外まで聞こえる重い声に混ざって、木が砕かれる音がした。
後戻りはできない。
「リュナは隠れてろ」
柵に囲まれた村の入り口から、大きな黒い獣が飛び出してきた。外見は禍々しいのに、漏れる声は助けを求める。
「病んだ……竜の魔力か。ロプス族との相性最悪みてえだなあ……」
カイは嫌そうに、けれど悲しそうに呟き、黒い獣の姿になった村人へ殴りかかった。
拳をライラの結界が阻む。
「まだ、治せるから」
杖を取り出したライラは、コルフの肩から下りて黒い獣に向かう。そして、村全体を浄化魔法で包み込んだ。
すぐ側まで迫っていた黒い獣も、浄化の光に包まれて動きを止める。
「……せ……かい、意味……な……」
「還せなくて、ごめんなさい」
周囲へ広がる雪のように、魔力が溶け消え。
村全体から呻き声が聞こえなくなる。
光が弱まり、ライラの意識も途絶えた。
「嬢ちゃんは無茶ばっかするねえ」
わざと軽口を叩いて、カイがライラを担ぎ上げる。
今回は魔力切れした様子はない。病んだ魔力の影響で漏れた、竜の声に影響されたようだ。意識が不安定になり、気を失っただけだと判断した。
「問題は……」
一人ずつ治すのではなく、まとめて治してしまったことか。
時間をかけるより影響が少なかったと喜ぶべきか、力の使い方を咎めるべきか悩む。
「今更か」
「カイさん、今の……」
「細けえことは気にすんな。
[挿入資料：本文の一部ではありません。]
text \<open>
  Outside an infinite \<open>Y \<in> J\<close> keep the injective witness \<open>f\<close>; on \<open>Y\<close> use a bijection onto
  the (countably infinite) part of \<open>\<Union>I\<close> missed by the rest. Preimages grow by at most \<open>Y\<close>.
\<close>
lemma bij_katetov_le_if_inj_witness:
  assumes J: "is_ideal J" and f: "katetov_witness f I J" "inj_on f (\<Union>J)"
    and "countable (\<Union>I)" and Y: "Y \<in> J" "infinite Y"
  shows "bij_katetov_le I J"
proof -
  let ?U = "\<Union>J"
  define V where "V = \<Union>I - f ` (?U - Y)"
  have YU: "Y \<subseteq> ?U" using Y by blast
  have fU: "f ` ?U \<subseteq> \<Union>I" using f(1) unfolding katetov_witness_def by blast
  have "f ` Y \<subseteq> V"
  proof
    fix t assume "t \<in> f ` Y"
    then obtain y where y: "y \<in> Y" "t = f y" by blast
    then have "t \<notin> f ` (?U - Y)" using YU inj_onD[OF f(2)] by fastforce
    with y show "t \<in> V" using YU fU unfolding V_def by blast
  qed
  moreover have "infinite (f ` Y)"
    using Y(2) inj_on_subset[OF f(2) YU] by (simp add: finite_image_iff)
  ultimately have "infinite V" using finite_subset by blast
  moreover have "countable V" using \<open>countable (\<Union>I)\<close> unfolding V_def by simp
  moreover have "countable Y" using countable_subset[OF YU ideal_countable_Union[OF J]] .
  ultimately obtain k where k: "bij_betw k Y V"
    using bij_betw_trans[OF to_nat_on_infinite bij_betw_from_nat_into] Y(2) by blast
  define h where "h x = (if x \<in> Y then k x else f x)" for x
  have "bij_betw f (?U - Y) (f ` (?U - Y))"
    using inj_on_subset[OF f(2)] by (intro bij_betw_imageI) auto
  then have "bij_betw h (?U - Y) (f ` (?U - Y))"
    by (rule bij_betw_cong[THEN iffD1, rotated]) (simp add: h_def)
  moreover have "bij_betw h Y V"
    using k by (rule bij_betw_cong[THEN iffD1, rotated]) (simp add: h_def)
  ultimately have "bij_betw h ((?U - Y) \<union> Y) (f ` (?U - Y) \<union> V)"
    by (rule bij_betw_combine) (auto simp: V_def)
  moreover have "(?U - Y) \<union> Y = ?U" "f ` (?U - Y) \<union> V = \<Union>I"
    using YU fU unfolding V_def by blast+
  ultimately have bij: "bij_betw h ?U (\<Union>I)" by simp
  have "{x\<in>?U. h x \<in> A} \<in> J" if "A \<in> I" for A
  proof -
    have "{x\<in>?U. f x \<in> A} \<union> Y \<in> J"
      using f(1) that ideal_Un[OF J _ Y(1)] unfolding katetov_witness_def by blast
    moreover have "{x\<in>?U. h x \<in> A} \<subseteq> {x\<in>?U. f x \<in> A} \<union> Y" unfolding h_def by auto
    ultimately show ?thesis using ideal_subset[OF J] by blast
  qed
  with bij have "katetov_witness h I J"
    unfolding katetov_witness_def by (simp add: bij_betw_def)
  with bij show ?thesis unfolding bij_katetov_le_def by blast
qed

section \<open>Maps reducing BI\<close>

definition BI_reducing_map :: "'a set set \<Rightarrow> ('a \<Rightarrow> nat \<times> nat) \<Rightarrow> bool" where
  "BI_reducing_map I pi \<longleftrightarrow>
     (\<forall>p. {x\<in>\<Union>I. pi x = p} \<in> I) \<and> (\<forall>A. A \<subseteq> \<Union>I \<longrightarrow> BI_small pi A \<longrightarrow> A \<in> I)"

lemma BI_reducing_map_fiber: "BI_reducing_map I pi \<Longrightarrow> {x\<in>\<Union>I. pi x = p} \<in> I"
  unfolding BI_reducing_map_def by blast

lemma BI_reducing_map_small:
  "BI_reducing_map I pi \<Longrightarrow> A \<subseteq> \<Union>I \<Longrightarrow> BI_small pi A \<Longrightarrow> A \<in> I"
  unfolding BI_reducing_map_def by blast

lemma BI_reducing_map_of_witness:
  assumes "is_ideal I" "katetov_witness f BI I"
  shows "BI_reducing_map I (BI_proj \<circ> f)"
proof -
  have "{x\<in>\<Union>I. f x \<in> BI_proj -` {p}} \<in> I" for p
    using assms(2) BI_proj_fiber_in_BI[of p] unfolding katetov_witness_def by blast
  then have "{x\<in>\<Union>I. (BI_proj \<circ> f) x = p} \<in> I" for p by simp
  moreover have "A \<in> I" if "A \<subseteq> \<Union>I" "BI_small (BI_proj \<circ> f) A" for A
    using BI_small_BI_proj_in_BI[OF BI_small_image[OF that(2)]]
    by (rule katetov_witness_reflects[OF assms that(1)])
  ultimately show ?thesis unfolding BI_reducing_map_def by blast
qed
細かくなくても気にすんな」
呆然としたサウラをあしらい、隠れていたリュナに手招きするカイ。
「大丈夫だったか?」
「こ、怖がってねえから、なのです」
自分から言ってしまうくらいには、怖かったらしい。リュナはあからさまに強がっているが、握りしめた手は震えていた。
「あー、リュナは強いもんなあ。よしよし」
「あぅ……」
身をかがめてリュナを撫でると、ライラを落としそうになった。
「危ねえ……。安定してるなら起こすか? おーい」
「ん……カイ?」
「そうそう、おいちゃんだよー。じゃなくて、歩けそう?」
「あ……うん、大丈夫そう。えっと、私……」
「嬢ちゃんが気を失ってたのは、ちょっとだけだから。浄化終わってすぐ」
「ありがとう。あっ、怪我してる人がいたら急がないと」
「そこは魔力切れしてるってことにしてくんねえかなあ……」
「早くっ」
「はいはい。下ろすから暴れないでねえー」
コルフに村を案内してもらい、村人たちの治療を終えた後。
五人のロプス族に土下座で礼を言われて、落ち着かない。体が大きいため、広場にいても圧迫感がある。村人全員で押しかけられなかっただけ、良かったのだろうか。
「治ったばかりですから、安静にしていてください」
「恩人をもてなさないわけにはいかん」
「先を急ぐのでなければ、一晩だけでも」
「わ、わかりました。だから頭を上げてください、お願いします」
体を起こすと圧迫感が増すけれど、土下座を続けられたほうが困る。体格は種族的に当然のことなので、大きいだけのほうが気にならない。
押しに負けて、村長の家に連れていかれた。
床に敷かれた毛皮は温かく、丁寧な加工がされていて柔らかい。
座ったライラたちの前に、両手でも持てない器で酒が運ばれてくる。
サウラが器から直接一口飲み、ライラたちも続くよう促す。最初の一口以降は、持っていたグラスを使うことをロプス族に伝え、器から汲み上げて飲み始めた。
酒はラム酒に似ているが、樹液のようなクセもある。
側にコルフが座り、すぐに食べられる果実を置いた。
「引き止めて、すまなかった。もてなしを受け入れてくれたこと、感謝する。堅苦しい礼儀は必要がない。種族が違えば作法も違うものだ。気を張るよりも、寛いでもらえたら嬉しい」
「ありがとうございます」
「甘い果実は好むか? そのまま食べるには小さいから、酒にしてしまうものだが」
果実と酒を味わっていると、料理が運ばれてきた。
ブルーベアの丸焼きなど、全体的に豪快な感じだ。くりぬけば中に入れそうなくらい大きな、カボチャっぽい野菜を焼いたものもある。
一品でも食べきれるかわからない料理を前に、リュナだけが素直に目を輝かせた。